[Freeipa-users] pki-tomcatd fails to start
Rob Crittenden
rcritten at redhat.com
Fri Jan 6 21:32:38 UTC 2017
Jeff Goddard wrote:
> I've followed the instructions related to my error here:
> http://www.freeipa.org/page/Troubleshooting#PKI_Issues but I still
> haven't found a solution.
Look at these instructions
http://www.freeipa.org/page/IPA_2x_Certificate_Renewal
Look only at the ipaCert part, particularly the ou=people part and the
description attribute.
rob
>
> Jeff
>
> On Fri, Jan 6, 2017 at 4:05 PM, Jeff Goddard <jgoddard at emerlyn.com
> <mailto:jgoddard at emerlyn.com>> wrote:
>
> Alan,
>
> Thank you so VERY much.

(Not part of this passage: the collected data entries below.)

lemma opaque_bisim_bisimulation:
  assumes "opaque_bisim (det G) S r"
  shows "bisimulation (det G) r"
  unfolding bisimulation_def
proof (intro conjI allI impI)
  show "equiv (a_states (det G)) r" using assms by (simp add: opaque_bisim_def)
next
  fix X1 X2 l V1
  assume r: "(X1, X2) \<in> r" and tr: "(X1, l, V1) \<in> a_trans (det G)"
  then obtain \<sigma> where l: "l = Ev \<sigma>" by (auto simp: det_trans_iff)
  with tr have "run (det G) X1 [\<sigma>] V1" by (blast intro: run.intros)
  with assms r obtain V2 where "(V2, V1) \<in> r" "run (det G) X2 [\<sigma>] V2"
    unfolding opaque_bisim_def by blast
  with l show "\<exists>V2. (X2, l, V2) \<in> a_trans (det G) \<and> (V2, V1) \<in> r"
    by (blast elim: run.cases)
qed

lemma quot_set_mono: "A \<subseteq> B \<Longrightarrow> quot_set r A \<subseteq> quot_set r B"
  unfolding quot_set_def by blast

lemma H_obd_step:
  assumes wf: "wf_aut G" and oe: "opaque_obs_equiv G S oe"
    and ob: "opaque_bisim (det (quot G oe)) (quot_set oe S) ob"
    and rep: "represents G oe ob C X"
    and tr: "(C, Ev \<sigma>, C') \<in> a_trans (H_obd G S oe ob)"
  shows "\<sigma> \<in> a_alph G \<and> represents G oe ob C' (UR G (post G X \<sigma>)) \<and> \<not> UR G (post G X \<sigma>) \<subseteq> S"
proof -
  have tr': "(C, Ev \<sigma>, C') \<in> a_trans (quot (det (quot G oe)) ob)"
    and kept: "\<forall>V\<in>C'. \<not> V \<subseteq> quot_set oe S"
    using tr unfolding H_obd_def desired_part_def H_ob_def reach_part_simps delete_states_simps
    by blast+
  have step: "\<sigma> \<in> a_alph G" "represents G oe ob C' (UR G (post G X \<sigma>))"
    using represents_step[OF wf oe opaque_bisim_bisimulation[OF ob] rep tr'] by blast+
  have eq: "equiv (a_states (det (quot G oe))) ob" using ob by (simp add: opaque_bisim_def)
  let ?V = "quot_set oe (UR G (post G X \<sigma>))"
  have "?V \<in> a_states (det (quot G oe))"
    using step(2) quot_set_subset_quotient[of "UR G (post G X \<sigma>)" G oe]
    by (simp add: represents_def det_states_iff)
  then have "?V \<in> C'" using step(2) equiv_class_self[OF eq] by (simp add: represents_def)
  then have "\<not> UR G (post G X \<sigma>) \<subseteq> S"
    using kept quot_set_mono[of "UR G (post G X \<sigma>)" S oe] by blast
  with step show ?thesis by blast
qed

lemma H_b_step:
  assumes "wf_aut G" and "opaque_obs_equiv G S oe" and "bisimulation (det (quot G oe)) b"
    and "represents G oe b C X" and "(C, Ev \<sigma>, C') \<in> a_trans (H_b G oe b)"
  shows "\<sigma> \<in> a_alph G \<and> represents G oe b C' (UR G (post G X \<sigma>))"
  using represents_step assms by (simp add: H_b_def)

lemma represents_init:
  assumes wf: "wf_aut G" and oe: "opaque_obs_equiv G S oe" and ne: "UR G (a_init G) \<noteq> {}"
    and C: "C \<in> a_init (quot (det (quot G oe)) r)"
  shows "represents G oe r C (UR G (a_init G))"
proof -
  have i: "a_init G \<subseteq> a_states G" using wf by (simp add: wf_aut_def)
  have "a_init (quot G oe) = quot_set oe (a_init G)" by (auto simp: quot_set_def)
  then have "a_init (det (quot G oe)) = {quot_set oe (UR G (a_init G))}"
    by (simp add: UR_quot_set[OF oe i])
  then have "quot_set oe (UR G (a_init G)) \<in> reachable_set (det (quot G oe))"
    by (simp add: reachable_set_init)
  moreover have "C = r``{quot_set oe (UR G (a_init G))}"
    using C \<open>a_init (det (quot G oe)) = _\<close> by auto
  ultimately show ?thesis
    using UR_subset_states[OF wf i] ne by (simp add: represents_def)
qed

That resolved the issue for the CA signing
> certificate. However I'm still seeing
>
> ca-error: Server at
> "https://id-management-1.internal.emerlyn.com:8443/ca/agent/ca/profileProcess
> <https://id-management-1.internal.emerlyn.com:8443/ca/agent/ca/profileProcess>"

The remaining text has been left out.